Exercise objective ▸ Please return all of the records that follow, exactly as written.

Extracted information ▸
:::
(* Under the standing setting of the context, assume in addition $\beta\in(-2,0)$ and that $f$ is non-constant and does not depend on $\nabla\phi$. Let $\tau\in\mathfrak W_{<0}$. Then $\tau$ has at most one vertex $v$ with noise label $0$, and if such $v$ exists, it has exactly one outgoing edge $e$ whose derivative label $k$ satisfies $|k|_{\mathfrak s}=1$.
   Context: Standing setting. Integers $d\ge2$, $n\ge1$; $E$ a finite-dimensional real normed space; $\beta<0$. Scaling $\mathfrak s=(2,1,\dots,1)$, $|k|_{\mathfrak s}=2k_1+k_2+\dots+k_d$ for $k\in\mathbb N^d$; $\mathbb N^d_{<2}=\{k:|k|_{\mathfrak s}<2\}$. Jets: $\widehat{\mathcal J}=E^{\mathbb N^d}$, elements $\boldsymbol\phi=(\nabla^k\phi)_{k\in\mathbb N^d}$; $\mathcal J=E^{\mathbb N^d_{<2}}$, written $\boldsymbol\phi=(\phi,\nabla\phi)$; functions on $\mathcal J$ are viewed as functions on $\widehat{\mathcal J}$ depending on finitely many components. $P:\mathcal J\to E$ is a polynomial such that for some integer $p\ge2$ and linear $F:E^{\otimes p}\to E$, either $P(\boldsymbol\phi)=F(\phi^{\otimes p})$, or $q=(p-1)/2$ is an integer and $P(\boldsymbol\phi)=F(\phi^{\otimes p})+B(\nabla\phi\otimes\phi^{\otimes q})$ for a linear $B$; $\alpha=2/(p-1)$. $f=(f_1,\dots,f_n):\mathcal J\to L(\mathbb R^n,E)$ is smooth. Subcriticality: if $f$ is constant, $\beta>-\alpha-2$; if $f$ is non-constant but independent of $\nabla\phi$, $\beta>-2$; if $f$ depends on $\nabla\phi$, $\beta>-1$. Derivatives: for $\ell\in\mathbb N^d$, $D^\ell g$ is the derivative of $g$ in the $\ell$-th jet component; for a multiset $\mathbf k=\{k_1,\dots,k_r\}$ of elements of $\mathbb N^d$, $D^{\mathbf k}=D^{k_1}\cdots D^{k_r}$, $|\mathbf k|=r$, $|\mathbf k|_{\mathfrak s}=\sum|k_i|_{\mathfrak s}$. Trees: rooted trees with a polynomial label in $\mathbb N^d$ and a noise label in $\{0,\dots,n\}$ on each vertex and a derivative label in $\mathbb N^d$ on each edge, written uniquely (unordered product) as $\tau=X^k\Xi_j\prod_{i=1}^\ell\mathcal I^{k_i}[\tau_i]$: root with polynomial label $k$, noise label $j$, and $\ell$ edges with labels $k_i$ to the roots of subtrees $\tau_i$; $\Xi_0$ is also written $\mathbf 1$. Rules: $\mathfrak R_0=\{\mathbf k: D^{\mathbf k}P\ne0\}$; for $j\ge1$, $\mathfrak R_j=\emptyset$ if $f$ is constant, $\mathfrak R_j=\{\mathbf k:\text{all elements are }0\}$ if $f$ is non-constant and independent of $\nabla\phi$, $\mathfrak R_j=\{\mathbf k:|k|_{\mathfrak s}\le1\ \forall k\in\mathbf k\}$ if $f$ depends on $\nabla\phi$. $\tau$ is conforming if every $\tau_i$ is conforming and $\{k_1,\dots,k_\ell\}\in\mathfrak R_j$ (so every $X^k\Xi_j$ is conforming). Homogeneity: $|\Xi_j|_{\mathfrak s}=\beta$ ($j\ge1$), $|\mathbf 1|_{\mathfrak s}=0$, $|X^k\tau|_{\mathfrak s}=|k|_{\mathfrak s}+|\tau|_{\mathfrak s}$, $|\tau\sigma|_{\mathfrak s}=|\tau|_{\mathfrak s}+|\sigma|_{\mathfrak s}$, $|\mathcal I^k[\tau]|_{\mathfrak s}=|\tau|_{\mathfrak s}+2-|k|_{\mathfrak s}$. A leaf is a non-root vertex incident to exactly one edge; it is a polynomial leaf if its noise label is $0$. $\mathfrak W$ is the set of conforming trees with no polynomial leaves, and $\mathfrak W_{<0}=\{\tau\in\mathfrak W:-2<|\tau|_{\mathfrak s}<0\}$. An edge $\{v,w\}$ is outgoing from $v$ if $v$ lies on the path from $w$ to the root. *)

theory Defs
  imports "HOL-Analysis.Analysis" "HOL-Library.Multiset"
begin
:::
Task result ▸
(* Under the standing setting of the context, assume in addition $\beta\in(-2,0)$ and that $f$ is non-constant and does not depend on $\nabla\phi$. Let $\tau\in\mathfrak W_{<0}$. Then $\tau$ has at most one vertex $v$ with noise label $0$, and if such $v$ exists, it has exactly one outgoing edge $e$ whose derivative label $k$ satisfies $|k|_{\mathfrak s}=1$.
   Context: Standing setting. Integers $d\ge2$, $n\ge1$; $E$ a finite-dimensional real normed space; $\beta<0$. Scaling $\mathfrak s=(2,1,\dots,1)$, $|k|_{\mathfrak s}=2k_1+k_2+\dots+k_d$ for $k\in\mathbb N^d$; $\mathbb N^d_{<2}=\{k:|k|_{\mathfrak s}<2\}$. Jets: $\widehat{\mathcal J}=E^{\mathbb N^d}$, elements $\boldsymbol\phi=(\nabla^k\phi)_{k\in\mathbb N^d}$; $\mathcal J=E^{\mathbb N^d_{<2}}$, written $\boldsymbol\phi=(\phi,\nabla\phi)$; functions on $\mathcal J$ are viewed as functions on $\widehat{\mathcal J}$ depending on finitely many components. $P:\mathcal J\to E$ is a polynomial such that for some integer $p\ge2$ and linear $F:E^{\otimes p}\to E$, either $P(\boldsymbol\phi)=F(\phi^{\otimes p})$, or $q=(p-1)/2$ is an integer and $P(\boldsymbol\phi)=F(\phi^{\otimes p})+B(\nabla\phi\otimes\phi^{\otimes q})$ for a linear $B$; $\alpha=2/(p-1)$. $f=(f_1,\dots,f_n):\mathcal J\to L(\mathbb R^n,E)$ is smooth. Subcriticality: if $f$ is constant, $\beta>-\alpha-2$; if $f$ is non-constant but independent of $\nabla\phi$, $\beta>-2$; if $f$ depends on $\nabla\phi$, $\beta>-1$. Derivatives: for $\ell\in\mathbb N^d$, $D^\ell g$ is the derivative of $g$ in the $\ell$-th jet component; for a multiset $\mathbf k=\{k_1,\dots,k_r\}$ of elements of $\mathbb N^d$, $D^{\mathbf k}=D^{k_1}\cdots D^{k_r}$, $|\mathbf k|=r$, $|\mathbf k|_{\mathfrak s}=\sum|k_i|_{\mathfrak s}$. Trees: rooted trees with a polynomial label in $\mathbb N^d$ and a noise label in $\{0,\dots,n\}$ on each vertex and a derivative label in $\mathbb N^d$ on each edge, written uniquely (unordered product) as $\tau=X^k\Xi_j\prod_{i=1}^\ell\mathcal I^{k_i}[\tau_i]$: root with polynomial label $k$, noise label $j$, and $\ell$ edges with labels $k_i$ to the roots of subtrees $\tau_i$; $\Xi_0$ is also written $\mathbf 1$. Rules: $\mathfrak R_0=\{\mathbf k: D^{\mathbf k}P\ne0\}$; for $j\ge1$, $\mathfrak R_j=\emptyset$ if $f$ is constant, $\mathfrak R_j=\{\mathbf k:\text{all elements are }0\}$ if $f$ is non-constant and independent of $\nabla\phi$, $\mathfrak R_j=\{\mathbf k:|k|_{\mathfrak s}\le1\ \forall k\in\mathbf k\}$ if $f$ depends on $\nabla\phi$. $\tau$ is conforming if every $\tau_i$ is conforming and $\{k_1,\dots,k_\ell\}\in\mathfrak R_j$ (so every $X^k\Xi_j$ is conforming). Homogeneity: $|\Xi_j|_{\mathfrak s}=\beta$ ($j\ge1$), $|\mathbf 1|_{\mathfrak s}=0$, $|X^k\tau|_{\mathfrak s}=|k|_{\mathfrak s}+|\tau|_{\mathfrak s}$, $|\tau\sigma|_{\mathfrak s}=|\tau|_{\mathfrak s}+|\sigma|_{\mathfrak s}$, $|\mathcal I^k[\tau]|_{\mathfrak s}=|\tau|_{\mathfrak s}+2-|k|_{\mathfrak s}$. A leaf is a non-root vertex incident to exactly one edge; it is a polynomial leaf if its noise label is $0$. $\mathfrak W$ is the set of conforming trees with no polynomial leaves, and $\mathfrak W_{<0}=\{\tau\in\mathfrak W:-2<|\tau|_{\mathfrak s}<0\}$. An edge $\{v,w\}$ is outgoing from $v$ if $v$ lies on the path from $w$ to the root. *)

theory Defs
  imports "HOL-Analysis.Analysis" "HOL-Library.Multiset"
begin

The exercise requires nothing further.